Lines 112-120 define the Macro that will be used to print the user's addresses and add them to the generated reg_defines.h file.

  112	 `define PRINT_USER_REG_ADDRESSES                                                                         \
113 $fwrite(c_reg_defines_fd, "#define RATE_LIMIT_0_ENABLE_REG 0x%07x\n", `RATE_LIMIT_0_ENABLE_REG<<2); \
114 $fwrite(c_reg_defines_fd, "#define RATE_LIMIT_0_SHIFT_REG 0x%07x\n\n", `RATE_LIMIT_0_SHIFT_REG<<2); \
115 $fwrite(c_reg_defines_fd, "#define RATE_LIMIT_1_ENABLE_REG 0x%07x\n", `RATE_LIMIT_1_ENABLE_REG<<2); \
116 $fwrite(c_reg_defines_fd, "#define RATE_LIMIT_1_SHIFT_REG 0x%07x\n\n", `RATE_LIMIT_1_SHIFT_REG<<2); \
117 $fwrite(c_reg_defines_fd, "#define RATE_LIMIT_2_ENABLE_REG 0x%07x\n", `RATE_LIMIT_2_ENABLE_REG<<2); \
118 $fwrite(c_reg_defines_fd, "#define RATE_LIMIT_2_SHIFT_REG 0x%07x\n\n", `RATE_LIMIT_2_SHIFT_REG<<2); \
119 $fwrite(c_reg_defines_fd, "#define RATE_LIMIT_3_ENABLE_REG 0x%07x\n", `RATE_LIMIT_3_ENABLE_REG<<2); \
120 $fwrite(c_reg_defines_fd, "#define RATE_LIMIT_3_SHIFT_REG 0x%07x\n\n", `RATE_LIMIT_3_SHIFT_REG<<2)

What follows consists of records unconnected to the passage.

lemma matrix_diff_rdistrib: "((N :: 'a::ring_1^'n^'m) - K) ** M = N ** M - K ** M"
  by (simp add: vec_eq_iff matrix_matrix_mult_def algebra_simps sum_subtractf)

lemma matrix_mul_uminus_left: "(- (N :: 'a::ring_1^'n^'m)) ** M = - (N ** M)"
  by (simp add: vec_eq_iff matrix_matrix_mult_def sum_negf)

lemma matrix_mul_uminus_right: "(M :: 'a::ring_1^'n^'m) ** (- N) = - (M ** N)"
  by (simp add: vec_eq_iff matrix_matrix_mult_def sum_negf)

lemma matrix_eq_columnI: "(\<And>j. column j M = column j N) \<Longrightarrow> M = N"
  by (simp add: vec_eq_iff column_def)

lemma column_matrix_mult: "column j (M ** N) = M *v column j N"
  by (simp add: vec_eq_iff column_def matrix_matrix_mult_def matrix_vector_mult_def)

lemma column_diff: "column j (M - N) = column j M - column j N"
  by (simp add: vec_eq_iff column_def)

lemma inner_conj_transpose: "inner (M *v x) y = inner x (M\<^sup>H *v y)"
proof -
  have inner_complex: "inner a b = Re (a * cnj b)" for a b :: complex
    by (simp add: inner_complex_def)
  have "inner (M *v x) y = (\<Sum>i\<in>UNIV. \<Sum>j\<in>UNIV. Re (M$i$j * x$j * cnj (y$i)))"
    by (simp add: inner_vec_def matrix_vector_mult_def inner_complex sum_distrib_right Re_sum)
  also have "\<dots> = (\<Sum>j\<in>UNIV. \<Sum>i\<in>UNIV. Re (M$i$j * x$j * cnj (y$i)))"
    by (rule sum.swap)
  also have "\<dots> = inner x (M\<^sup>H *v y)"
    by (simp add: inner_vec_def matrix_vector_mult_def inner_complex sum_distrib_left Re_sum
        mult_ac)
  finally show ?thesis .
qed

lemma frob_norm_power2: "(frob_norm M)\<^sup>2 = (\<Sum>i\<in>UNIV. \<Sum>j\<in>UNIV. (cmod (M$i$j))\<^sup>2)"
  unfolding frob_norm_def by (simp add: sum_nonneg)

lemma frob_norm_nonneg: "frob_norm M \<ge> 0"
  unfolding frob_norm_def by (simp add: sum_nonneg)

lemma frob_norm_power2_columns: "(frob_norm M)\<^sup>2 = (\<Sum>j\<in>UNIV. (norm (column j M))\<^sup>2)"
  unfolding frob_norm_power2
  by (subst sum.swap) (simp add: norm_vec_def L2_set_def sum_nonneg column_def)

lemma frob_norm_conj_transpose [simp]: "frob_norm (M\<^sup>H) = frob_norm M"
  unfolding frob_norm_def by (subst sum.swap) simp

lemma frob_norm_uminus [simp]: "frob_norm (- M) = frob_norm M"
  by (simp add: frob_norm_def)

lemma frob_norm_minus_commute: "frob_norm (M - N) = frob_norm (N - M)"
  by (metis frob_norm_uminus minus_diff_eq)

lemma spec_norm_bound: "norm (M *v x) \<le> spec_norm M * norm x"
  unfolding spec_norm_def by (rule onorm) (simp add: linear_conv_bounded_linear)

lemma spec_norm_nonneg: "spec_norm M \<ge> 0"
  unfolding spec_norm_def by (rule onorm_pos_le) (simp add: linear_conv_bounded_linear)

lemma spec_norm_conj_transpose_le: "spec_norm (M\<^sup>H) \<le> spec_norm M"
  unfolding spec_norm_def[of "M\<^sup>H"]
proof (rule onorm_le)
  fix x
  have "(norm (M\<^sup>H *v x))\<^sup>2 = inner x (M *v (M\<^sup>H *v x))"
    by (metis power2_norm_eq_inner inner_conj_transpose inner_commute
        conj_transpose_conj_transpose)
  also have "\<dots> \<le> norm x * (spec_norm M * norm (M\<^sup>H *v x))"
    by (meson Cauchy_Schwarz_ineq2 abs_le_D1 mult_left_mono norm_ge_zero order_trans
        spec_norm_bound)
  finally have "norm (M\<^sup>H *v x) * norm (M\<^sup>H *v x)
      \<le> (spec_norm M * norm x) * norm (M\<^sup>H *v x)"
    by (simp add: power2_eq_square mult_ac)
  then show "norm (M\<^sup>H *v x) \<le> spec_norm M * norm x"
    by (cases "norm (M\<^sup>H *v x) = 0") (auto simp: spec_norm_nonneg)
qed

lemma spec_norm_conj_transpose [simp]: "spec_norm (M\<^sup>H) = spec_norm M"
  using spec_norm_conj_transpose_le[of M] spec_norm_conj_transpose_le[of "M\<^sup>H"] by simp

lemma frob_norm_matrix_mult_le: "frob_norm (M ** N) \<le> spec_norm M * frob_norm N"
proof -
  have "(frob_norm (M ** N))\<^sup>2 = (\<Sum>j\<in>UNIV. (norm (M *v column j N))\<^sup>2)"
    by (simp add: frob_norm_power2_columns column_matrix_mult)
  also have "\<dots> \<le> (\<Sum>j\<in>UNIV. (spec_norm M * norm (column j N))\<^sup>2)"
    by (intro sum_mono power_mono spec_norm_bound norm_ge_zero)
  also have "\<dots> = (spec_norm M * frob_norm N)\<^sup>2"
    by (simp add: frob_norm_power2_columns power_mult_distrib sum_distrib_left)
  finally show ?thesis
    by (meson mult_nonneg_nonneg power2_le_imp_le spec_norm_nonneg frob_norm_nonneg)
qed

lemma frob_norm_gram_mult_le: "frob_norm (M ** M\<^sup>H ** N) \<le> (spec_norm M)\<^sup>2 * frob_norm N"
proof -
  have "frob_norm (M ** M\<^sup>H ** N) \<le> spec_norm M * frob_norm (M\<^sup>H ** N)"
    unfolding matrix_mul_assoc[symmetric] by (rule frob_norm_matrix_mult_le)
  also have "\<dots> \<le> spec_norm M * (spec_norm (M\<^sup>H) * frob_norm N)"
    by (intro mult_left_mono frob_norm_matrix_mult_le spec_norm_nonneg)
  finally show ?thesis
    by (simp add: power2_eq_square)
qed

lemma frob_norm_mult_gram_le: "frob_norm (N ** M\<^sup>H ** M) \<le> frob_norm N * (spec_norm M)\<^sup>2"
proof -
  have "(N ** M\<^sup>H ** M)\<^sup>H = M\<^sup>H ** (M\<^sup>H)\<^sup>H ** N\<^sup>H"
    by (simp add: conj_transpose_matrix_mult matrix_mul_assoc)
  then show ?thesis
    using frob_norm_gram_mult_le[of "M\<^sup>H" "N\<^sup>H"]
    by (metis frob_norm_conj_transpose spec_norm_conj_transpose mult.commute)
qed

definition is_orth_proj :: "complex^'n^'n \<Rightarrow> bool" where
  "is_orth_proj P \<longleftrightarrow> P\<^sup>H = P \<and> P ** P = P"

lemma frob_norm_power2_orth_proj_left:
  assumes "is_orth_proj P"
  shows "(frob_norm M)\<^sup>2 = (frob_norm (P ** M))\<^sup>2 + (frob_norm ((mat 1 - P) ** M))\<^sup>2"
proof -
  have P: "P\<^sup>H = P" "P ** P = P"
    using assms unfolding is_orth_proj_def by auto
  have "(norm c)\<^sup>2 = (norm (P *v c))\<^sup>2 + (norm (c - P *v c))\<^sup>2" for c
  proof -
    have "inner (P *v c) (c - P *v c) = inner c (P *v c - (P ** P) *v c)"
      by (metis P(1) inner_conj_transpose matrix_vector_mul_assoc matrix_vector_mult_diff_distrib)
    then have "orthogonal (P *v c) (c - P *v c)"
      by (simp add: orthogonal_def P(2))
    from norm_add_Pythagorean[OF this] show ?thesis
      by simp
  qed
  then show ?thesis
    unfolding frob_norm_power2_columns column_matrix_mult matrix_diff_rdistrib matrix_mul_lid
      column_diff sum.distrib[symmetric] by (intro sum.cong refl)
qed

lemma frob_norm_power2_orth_proj_right:
  assumes "is_orth_proj P"
  shows "(frob_norm M)\<^sup>2 = (frob_norm (M ** P))\<^sup>2 + (frob_norm (M ** (mat 1 - P)))\<^sup>2"
proof -
  have "P\<^sup>H = P"
    using assms unfolding is_orth_proj_def by simp
  then have "(M ** P)\<^sup>H = P ** M\<^sup>H" "(M ** (mat 1 - P))\<^sup>H = (mat 1 - P) ** M\<^sup>H"
    by (simp_all add: conj_transpose_matrix_mult conj_transpose_diff)
  then show ?thesis
    using frob_norm_power2_orth_proj_left[OF assms, of "M\<^sup>H"]
    by (metis frob_norm_conj_transpose)
qed

lemma normal_equation_solvable: "\<exists>z. (A\<^sup>H ** A) *v z = A\<^sup>H *v y"
proof -
  define S where "S = range (\<lambda>z. (A\<^sup>H ** A) *v z)"
  have "subspace S"
    unfolding S_def by (rule linear_subspace_image[OF matrix_vector_mul_linear subspace_UNIV])
  then have span_S: "span S = S"
    by (rule span_eq_iff[THEN iffD2])
  obtain u w where u: "u \<in> S" and w: "\<And>t. t \<in> S \<Longrightarrow> orthogonal w t"
    and uw: "A\<^sup>H *v y = u + w"
    using orthogonal_subspace_decomp_exists[of S "A\<^sup>H *v y"] unfolding span_S by blast
  have "inner (A *v w) (A *v w) = inner w ((A\<^sup>H ** A) *v w)"
    by (simp add: inner_conj_transpose matrix_vector_mul_assoc)
  also have "\<dots> = 0"
    using w[of "(A\<^sup>H ** A) *v w"] by (simp add: S_def orthogonal_def)
  finally have "A *v w = 0"
    by simp
  then have "inner w (A\<^sup>H *v y) = 0"
    by (metis inner_conj_transpose inner_zero_left conj_transpose_conj_transpose)
  moreover have "inner w u = 0"
    using w[OF u] by (simp add: orthogonal_def)
  ultimately have "w = 0"
    by (simp add: uw inner_add_right)
  then show ?thesis
    using u uw by (auto simp: S_def)
qed

lemma normal_equation_matrix_solvable: "\<exists>Z. A\<^sup>H ** A ** Z = A\<^sup>H"
proof -
  have "\<forall>j. \<exists>z. (A\<^sup>H ** A) *v z = A\<^sup>H *v axis j 1"
    using normal_equation_solvable by blast
  then obtain z where z: "\<And>j. (A\<^sup>H ** A) *v z j = A\<^sup>H *v axis j 1"
    by metis
  define Z where "Z = (\<chi> i j. z j $ i)"
  have "column j (A\<^sup>H ** A ** Z) = column j (A\<^sup>H)" for j
  proof -
    have "column j Z = z j" "column j (A\<^sup>H) = A\<^sup>H *v axis j 1"
      by (simp_all add: Z_def column_def vec_eq_iff matrix_vector_mult_def axis_def
          if_distrib cong: if_cong)
    then show ?thesis
      by (simp add: column_matrix_mult z)
  qed
  then show ?thesis
    by (auto intro: matrix_eq_columnI)
qed

lemma hermitian_if_gram_eq: "P\<^sup>H ** P = P \<Longrightarrow> P\<^sup>H = P"
  by (metis conj_transpose_conj_transpose conj_transpose_matrix_mult)

lemma normal_equation_orth_proj:
  assumes Z: "A\<^sup>H ** A ** Z = A\<^sup>H"
  shows "is_orth_proj (A ** Z)" and "A ** Z ** A = A"
proof -
  have ZA: "(A ** Z)\<^sup>H ** A = A"
    using arg_cong[OF Z, of conj_transpose] by (simp add: conj_transpose_matrix_mult matrix_mul_assoc)
  then have "(A ** Z)\<^sup>H ** (A ** Z) = A ** Z"
    by (simp add: matrix_mul_assoc)
  then have herm: "(A ** Z)\<^sup>H = A ** Z"
    by (rule hermitian_if_gram_eq)
  with ZA show "A ** Z ** A = A"
    by simp
  then have "A ** Z ** (A ** Z) = A ** Z"
    by (simp add: matrix_mul_assoc)
  with herm show "is_orth_proj (A ** Z)"
    by (simp add: is_orth_proj_def)
qed

definition is_mp_inverse :: "complex^'n^'m \<Rightarrow> complex^'m^'n \<Rightarrow> bool" where
  "is_mp_inverse A X \<longleftrightarrow> A ** X ** A = A \<and> X ** A ** X = X \<and>
      (A ** X)\<^sup>H = A ** X \<and> (X ** A)\<^sup>H = X ** A"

As was said before, when simulated, this will generate the reg_defines.h that can be used in C code and the NF2/lib/Perl5/reg_defines.ph file which can be used in Perl code.

To enable the rate limited, you need to write 1 into one of the RATE_LIMIT_X_ENABLE_REG registers. The RATE_LIMIT_X_SHIFT_REG registers controls the transmission rate exponentially. For more details, refer to the Verilog code.

Simulating the design

The next step after writing the code is to simulate the design. We will use the same testbenches used for the router. These testbenches are defined under NF2/projects/rate_limited_router/verif. Each directory contains a description of the packets to send, when to send them and which packets we expect to come out of the NetFPGA whether via DMA or Ethernet. The simulation environment also allows you to specify register reads and writes. Each testbench consists of a three files:

config.txt
specifies when a simulation should end.
run
generates packets and runs the simulation. Usually this should not be modified except for unusual circumstances such as simulation time parameter definitions.
make_pkts.pl
Perl script that generates all the packets and register requests.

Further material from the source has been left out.